▸ YOUR GOAL: Your answer should consist of each line from the data below that contains "else".

[Stored data]
------------

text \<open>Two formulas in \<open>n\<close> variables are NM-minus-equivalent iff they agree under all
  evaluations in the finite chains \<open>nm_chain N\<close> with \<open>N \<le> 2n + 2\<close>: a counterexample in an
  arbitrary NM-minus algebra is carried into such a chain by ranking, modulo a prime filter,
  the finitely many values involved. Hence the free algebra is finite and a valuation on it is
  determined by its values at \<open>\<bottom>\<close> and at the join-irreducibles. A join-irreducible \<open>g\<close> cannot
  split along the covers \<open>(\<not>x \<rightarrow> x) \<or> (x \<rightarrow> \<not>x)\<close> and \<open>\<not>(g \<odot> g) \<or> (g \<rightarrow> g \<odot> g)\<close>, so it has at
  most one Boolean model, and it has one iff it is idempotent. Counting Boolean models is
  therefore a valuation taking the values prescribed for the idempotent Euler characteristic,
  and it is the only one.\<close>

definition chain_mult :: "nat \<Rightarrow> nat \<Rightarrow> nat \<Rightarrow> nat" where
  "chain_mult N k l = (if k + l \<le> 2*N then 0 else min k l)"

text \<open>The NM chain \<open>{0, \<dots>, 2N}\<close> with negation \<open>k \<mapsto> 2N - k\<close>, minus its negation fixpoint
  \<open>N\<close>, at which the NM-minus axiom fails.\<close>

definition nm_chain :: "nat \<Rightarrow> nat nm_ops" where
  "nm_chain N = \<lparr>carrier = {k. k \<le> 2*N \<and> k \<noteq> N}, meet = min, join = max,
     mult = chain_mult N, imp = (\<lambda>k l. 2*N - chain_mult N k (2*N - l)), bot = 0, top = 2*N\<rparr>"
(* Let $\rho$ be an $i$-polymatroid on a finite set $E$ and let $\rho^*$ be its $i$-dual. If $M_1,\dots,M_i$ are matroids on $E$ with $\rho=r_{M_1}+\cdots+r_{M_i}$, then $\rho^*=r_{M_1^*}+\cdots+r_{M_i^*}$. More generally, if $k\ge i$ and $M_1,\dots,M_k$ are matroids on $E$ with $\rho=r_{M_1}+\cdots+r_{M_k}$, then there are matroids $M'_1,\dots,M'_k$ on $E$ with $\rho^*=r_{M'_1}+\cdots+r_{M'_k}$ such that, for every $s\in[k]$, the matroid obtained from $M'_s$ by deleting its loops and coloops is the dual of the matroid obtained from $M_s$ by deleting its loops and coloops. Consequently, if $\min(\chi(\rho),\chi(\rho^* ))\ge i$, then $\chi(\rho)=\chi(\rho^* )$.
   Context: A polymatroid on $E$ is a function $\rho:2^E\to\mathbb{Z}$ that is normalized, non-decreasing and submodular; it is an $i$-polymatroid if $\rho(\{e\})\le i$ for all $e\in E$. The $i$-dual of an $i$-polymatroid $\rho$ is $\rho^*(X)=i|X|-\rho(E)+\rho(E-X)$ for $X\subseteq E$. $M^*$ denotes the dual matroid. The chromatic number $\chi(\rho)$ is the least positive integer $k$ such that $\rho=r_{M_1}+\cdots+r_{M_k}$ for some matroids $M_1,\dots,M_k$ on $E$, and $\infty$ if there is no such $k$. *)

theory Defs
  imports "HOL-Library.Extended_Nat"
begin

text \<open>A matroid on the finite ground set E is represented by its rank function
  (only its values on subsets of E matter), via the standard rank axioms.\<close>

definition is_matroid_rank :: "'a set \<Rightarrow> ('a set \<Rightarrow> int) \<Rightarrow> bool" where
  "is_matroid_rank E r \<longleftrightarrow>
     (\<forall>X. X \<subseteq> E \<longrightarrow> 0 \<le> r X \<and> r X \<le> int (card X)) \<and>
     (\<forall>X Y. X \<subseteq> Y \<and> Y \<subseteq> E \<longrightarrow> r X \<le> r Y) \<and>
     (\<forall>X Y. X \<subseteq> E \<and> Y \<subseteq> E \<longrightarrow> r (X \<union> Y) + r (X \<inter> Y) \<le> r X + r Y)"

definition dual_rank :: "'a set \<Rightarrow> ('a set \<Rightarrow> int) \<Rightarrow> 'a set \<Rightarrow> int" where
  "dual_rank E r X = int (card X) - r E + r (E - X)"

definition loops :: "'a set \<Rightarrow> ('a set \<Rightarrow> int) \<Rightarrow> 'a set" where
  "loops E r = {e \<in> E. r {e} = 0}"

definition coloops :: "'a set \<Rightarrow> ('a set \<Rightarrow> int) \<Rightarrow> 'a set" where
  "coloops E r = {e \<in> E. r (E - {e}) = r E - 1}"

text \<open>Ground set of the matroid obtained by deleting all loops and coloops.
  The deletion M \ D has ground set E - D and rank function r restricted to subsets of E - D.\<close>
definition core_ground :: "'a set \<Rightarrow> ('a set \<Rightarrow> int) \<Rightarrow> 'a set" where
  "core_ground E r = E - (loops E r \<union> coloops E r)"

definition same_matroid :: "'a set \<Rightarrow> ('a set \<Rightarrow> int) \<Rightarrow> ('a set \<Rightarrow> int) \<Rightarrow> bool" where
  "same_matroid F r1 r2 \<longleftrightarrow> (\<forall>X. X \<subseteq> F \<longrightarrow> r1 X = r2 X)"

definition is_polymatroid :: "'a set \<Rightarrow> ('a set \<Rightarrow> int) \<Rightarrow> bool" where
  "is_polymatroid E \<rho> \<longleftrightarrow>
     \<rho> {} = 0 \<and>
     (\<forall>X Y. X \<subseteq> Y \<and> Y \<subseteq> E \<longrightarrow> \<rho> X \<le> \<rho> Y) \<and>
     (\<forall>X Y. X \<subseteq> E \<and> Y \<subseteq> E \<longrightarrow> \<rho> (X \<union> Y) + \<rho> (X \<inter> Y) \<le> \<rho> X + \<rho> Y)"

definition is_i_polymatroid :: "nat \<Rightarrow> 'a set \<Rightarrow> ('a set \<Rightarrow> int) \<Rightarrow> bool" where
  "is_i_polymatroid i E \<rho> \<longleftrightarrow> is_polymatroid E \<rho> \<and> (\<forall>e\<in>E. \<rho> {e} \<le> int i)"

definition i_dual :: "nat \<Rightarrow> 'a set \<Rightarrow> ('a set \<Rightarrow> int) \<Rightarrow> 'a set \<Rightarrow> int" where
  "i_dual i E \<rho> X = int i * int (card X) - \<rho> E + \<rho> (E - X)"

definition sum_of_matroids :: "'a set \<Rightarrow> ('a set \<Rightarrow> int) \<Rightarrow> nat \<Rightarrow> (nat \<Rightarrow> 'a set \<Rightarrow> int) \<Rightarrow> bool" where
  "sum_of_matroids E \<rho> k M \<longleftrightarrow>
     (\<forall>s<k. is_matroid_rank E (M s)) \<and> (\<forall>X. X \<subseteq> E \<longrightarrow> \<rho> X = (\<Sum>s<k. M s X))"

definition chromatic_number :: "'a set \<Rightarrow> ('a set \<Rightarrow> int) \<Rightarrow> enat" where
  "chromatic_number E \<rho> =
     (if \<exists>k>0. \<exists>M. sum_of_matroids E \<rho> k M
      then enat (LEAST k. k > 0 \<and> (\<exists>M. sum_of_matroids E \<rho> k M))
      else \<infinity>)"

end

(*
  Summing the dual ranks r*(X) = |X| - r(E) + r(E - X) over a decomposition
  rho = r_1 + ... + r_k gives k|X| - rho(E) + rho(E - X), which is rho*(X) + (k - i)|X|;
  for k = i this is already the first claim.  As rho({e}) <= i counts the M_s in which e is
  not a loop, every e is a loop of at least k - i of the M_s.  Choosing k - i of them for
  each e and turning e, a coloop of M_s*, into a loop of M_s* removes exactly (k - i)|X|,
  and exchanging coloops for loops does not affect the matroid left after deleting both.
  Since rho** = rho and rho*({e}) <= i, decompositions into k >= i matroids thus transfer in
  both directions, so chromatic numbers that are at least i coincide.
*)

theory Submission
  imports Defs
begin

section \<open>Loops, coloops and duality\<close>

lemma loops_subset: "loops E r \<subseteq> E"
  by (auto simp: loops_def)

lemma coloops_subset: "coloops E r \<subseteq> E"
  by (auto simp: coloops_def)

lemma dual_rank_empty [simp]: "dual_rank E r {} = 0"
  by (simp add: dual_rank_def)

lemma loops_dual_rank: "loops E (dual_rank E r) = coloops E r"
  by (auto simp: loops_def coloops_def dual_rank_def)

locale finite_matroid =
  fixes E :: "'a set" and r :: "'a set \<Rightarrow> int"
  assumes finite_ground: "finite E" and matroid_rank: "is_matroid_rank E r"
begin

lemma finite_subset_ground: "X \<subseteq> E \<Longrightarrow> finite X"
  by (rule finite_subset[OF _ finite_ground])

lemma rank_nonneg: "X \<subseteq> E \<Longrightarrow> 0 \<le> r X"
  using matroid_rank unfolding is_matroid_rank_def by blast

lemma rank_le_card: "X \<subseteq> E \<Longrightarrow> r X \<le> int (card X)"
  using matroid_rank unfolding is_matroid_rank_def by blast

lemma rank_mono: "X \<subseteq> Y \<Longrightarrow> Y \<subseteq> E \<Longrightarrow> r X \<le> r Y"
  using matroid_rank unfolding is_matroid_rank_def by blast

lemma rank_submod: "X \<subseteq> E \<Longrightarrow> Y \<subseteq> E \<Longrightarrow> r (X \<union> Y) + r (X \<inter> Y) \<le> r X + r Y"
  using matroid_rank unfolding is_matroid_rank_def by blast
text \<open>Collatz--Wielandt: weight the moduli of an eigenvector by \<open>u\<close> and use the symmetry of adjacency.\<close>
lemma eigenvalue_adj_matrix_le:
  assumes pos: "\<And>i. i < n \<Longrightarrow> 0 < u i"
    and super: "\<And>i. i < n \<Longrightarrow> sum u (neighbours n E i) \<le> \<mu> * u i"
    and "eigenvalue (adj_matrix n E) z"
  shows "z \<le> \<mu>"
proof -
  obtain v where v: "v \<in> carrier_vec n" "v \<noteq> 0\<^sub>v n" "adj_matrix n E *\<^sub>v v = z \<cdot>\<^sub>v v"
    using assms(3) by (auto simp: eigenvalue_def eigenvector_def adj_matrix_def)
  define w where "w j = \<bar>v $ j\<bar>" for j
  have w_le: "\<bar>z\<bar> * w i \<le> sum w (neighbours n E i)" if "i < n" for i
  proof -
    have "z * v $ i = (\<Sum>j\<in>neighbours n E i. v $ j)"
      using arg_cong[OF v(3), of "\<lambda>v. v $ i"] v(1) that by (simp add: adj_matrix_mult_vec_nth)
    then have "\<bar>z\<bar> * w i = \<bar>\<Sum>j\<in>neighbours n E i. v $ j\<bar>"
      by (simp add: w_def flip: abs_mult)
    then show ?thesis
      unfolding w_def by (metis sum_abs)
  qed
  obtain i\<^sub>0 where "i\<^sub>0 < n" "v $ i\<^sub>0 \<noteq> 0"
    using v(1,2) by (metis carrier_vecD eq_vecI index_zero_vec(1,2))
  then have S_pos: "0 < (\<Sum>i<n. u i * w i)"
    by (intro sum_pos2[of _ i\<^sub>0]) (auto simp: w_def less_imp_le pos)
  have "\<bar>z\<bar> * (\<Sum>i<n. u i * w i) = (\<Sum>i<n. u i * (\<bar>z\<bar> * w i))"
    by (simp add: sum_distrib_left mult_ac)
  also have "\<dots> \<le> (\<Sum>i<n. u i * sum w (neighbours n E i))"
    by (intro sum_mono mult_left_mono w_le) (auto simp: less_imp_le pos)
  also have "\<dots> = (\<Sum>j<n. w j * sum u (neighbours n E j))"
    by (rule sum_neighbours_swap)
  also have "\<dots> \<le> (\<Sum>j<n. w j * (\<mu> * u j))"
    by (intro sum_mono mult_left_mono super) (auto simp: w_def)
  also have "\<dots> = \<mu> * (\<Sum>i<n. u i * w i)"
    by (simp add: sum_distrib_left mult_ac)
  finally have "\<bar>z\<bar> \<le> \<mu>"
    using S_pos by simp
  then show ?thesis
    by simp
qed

------------

▸ SOLUTION TO THIS EXERCISE:
  "chain_mult N k l = (if k + l \<le> 2*N then 0 else min k l)"
      else \<infinity>)"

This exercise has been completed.